At the same time, the principles and practice of research are relevant to all people who seek to study the past. It is one of the great strengths of history as a subject – and one of its most distinctive characteristics – that significant contributions may come from ‘freelancers’ working outside the academic world, as well as from specialists within. The route is a shared one. Much of the advice within this Guide accordingly applies to all travellers on the road to becoming historians.
By way of clarification, SIGNPOSTS are provided within each chapter to indicate whether their contents apply chiefly to an academic trackway or to all comers. Many of the research hurdles as well as the research pleasures are shared ones. Historians, as this Guide stresses throughout, are not just found within the academic world. They are potentially everywhere because the past is an open-ended, unstoppable subject that all can study. And a good thing too.
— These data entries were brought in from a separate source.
lemma mem_Pminus_Theta_A_Uplus_iff:
  fixes M :: "'a::field^2^2"
  assumes w: "norm_dvaluation UNIV w" "qw w \<ge> 2" and t: "w t = 1" and \<Theta>: "\<Theta> \<subseteq> sphere1 w"
    and M: "det M = 1" "M$1$1 \<noteq> 0" "absw w (M$2$1) \<le> absw w (M$1$1)"
  shows "M \<in> setmult (setmult (Pminus_Theta w \<Theta>) {A_mat t n}) (Uplus E) \<longleftrightarrow>
    normw w (column 1 M) = real (qw w) powi n \<and> vbar w t (column 1 M) \<in> \<Theta> \<and>
    M$1$2 / M$1$1 \<in> E"
proof -
  have sharp: "absw w (column 1 M $ 2) \<le> absw w (column 1 M $ 1)" "column 1 M $ 1 \<noteq> 0"
    using M by (simp_all add: column_nth)
  have "Pminus_Theta w \<Theta> \<subseteq> Pminus"
    by (auto simp: Pminus_Theta_def)
  then have "M \<in> setmult (setmult (Pminus_Theta w \<Theta>) {A_mat t n}) (Uplus E) \<longleftrightarrow>
      M$1$2 / M$1$1 \<in> E \<and> w (M$1$1) = - n \<and> t powi n *s column 1 M \<in> \<Theta>"
    using mem_setmult_A_mat_Uplus_iff[of _ M t n E] scaled_lower_mem_Pminus_Theta_iff[OF w t \<Theta> sharp]
      M(1,2) by (auto simp: column_nth)
  also have "\<dots> \<longleftrightarrow> normw w (column 1 M) = real (qw w) powi n \<and> vbar w t (column 1 M) \<in> \<Theta> \<and>
      M$1$2 / M$1$1 \<in> E"
    using normw_eq_if_absw_le[OF sharp] vbar_eq_if_absw_le[OF w(2) sharp]
      power_int_eq_power_int_iff[of "real (qw w)" "- w (M$1$1)" n] w(2)
    by (auto simp: column_nth)
  finally show ?thesis .
qed

lemma mult_upper_unipotent:
  "(M::'a::semiring_1^2^2) ** mat2 1 r 0 1 =
     mat2 (M$1$1) (M$1$1 * r + M$1$2) (M$2$1) (M$2$1 * r + M$2$2)"
  by (subst mat2_entries) (simp add: mat2_mult)

lemma det_mult_upper_unipotent: "det ((M::'a::comm_ring_1^2^2) ** mat2 1 r 0 1) = det M"
  by (simp add: det_mul det_mat2)

lemma mat2_eq_mult_upper_unipotent:
  fixes a :: "'a::comm_ring_1"
  assumes det: "a * d - c * b = 1" "a * d' - c' * b = 1"
  shows "mat2 a c' b d' = mat2 a c b d ** mat2 1 (d * c' - c * d') 0 1"
proof -
  have ad: "a * d = 1 + c * b" "a * d' = 1 + c' * b"
    using det by (simp_all add: algebra_simps)
  have "a * (d * c' - c * d') + c = c' * (a * d) - c * (a * d') + c"
    by (simp add: algebra_simps)
  then have upper: "a * (d * c' - c * d') + c = c'"
    unfolding ad by (simp add: algebra_simps)
  have "b * (d * c' - c * d') + d = d * (1 + c' * b) - d' * (c * b)"
    by (simp add: algebra_simps)
  also have "\<dots> = d' * (a * d - c * b)"
    unfolding ad(2)[symmetric] by (simp add: algebra_simps)
  finally have lower: "b * (d * c' - c * d') + d = d'"
    using det(1) by simp
  show ?thesis
    using upper lower by (simp add: mat2_mult mat2_eq_iff)
qed
lemma qreal_coeff_golden_ratio: "qreal_coeff ((1 + sqrt 5) / 2) k = real_of_rat (qphi $$ int k)"
proof -
  have "qrat (convergent ((1 + sqrt 5) / 2) (Suc n)) $$ int k = qphi $$ int k"
    if "k < n" for n
  proof -
    have "convergent ((1 + sqrt 5) / 2) (Suc n) = cf_value (replicate (Suc n) 1)"
      using convergent_fixed_point[OF golden_ratio_cf(2)] golden_ratio_cf(1) by simp
    then show ?thesis using that qcf_ones_nth[of n] by (simp add: qrat_cf_value)
  qed
  then have "\<forall>\<^sub>F n in sequentially.
      real_of_rat (qrat (convergent ((1 + sqrt 5) / 2) (Suc n)) $$ int k)
      = real_of_rat (qphi $$ int k)"
    by (auto simp: eventually_sequentially intro: exI[of _ "Suc k"])
  then show ?thesis
    unfolding qreal_coeff_def by (intro limI tendsto_eventually)
qed

theorem proposition4p1:
  fixes \<phi> :: real
  defines "\<phi> \<equiv> (1 + sqrt 5) / 2"
  shows "qreal_coeff \<phi> 0 = 1 \<and> qreal_coeff \<phi> 1 = 0 \<and>
         (\<forall>k\<ge>2. qreal_coeff \<phi> k = (-1) ^ k * real (gcat (k - 1)))"
  unfolding \<phi>_def qreal_coeff_golden_ratio
  using qphi_nth_0 qphi_nth_1 qphi_nth_ge_2 by (simp add: of_rat_mult of_rat_power)

end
A further note on academic framework
Many detailed references to academic procedures in this book are couched in terms applicable to the British and, to an extent, the English-speaking academic world. Nonetheless, history is a universal subject. And standards in higher education are converging globally. Readers in different educational systems are thus encouraged to focus upon the general points and to translate the practical details into their own different contexts.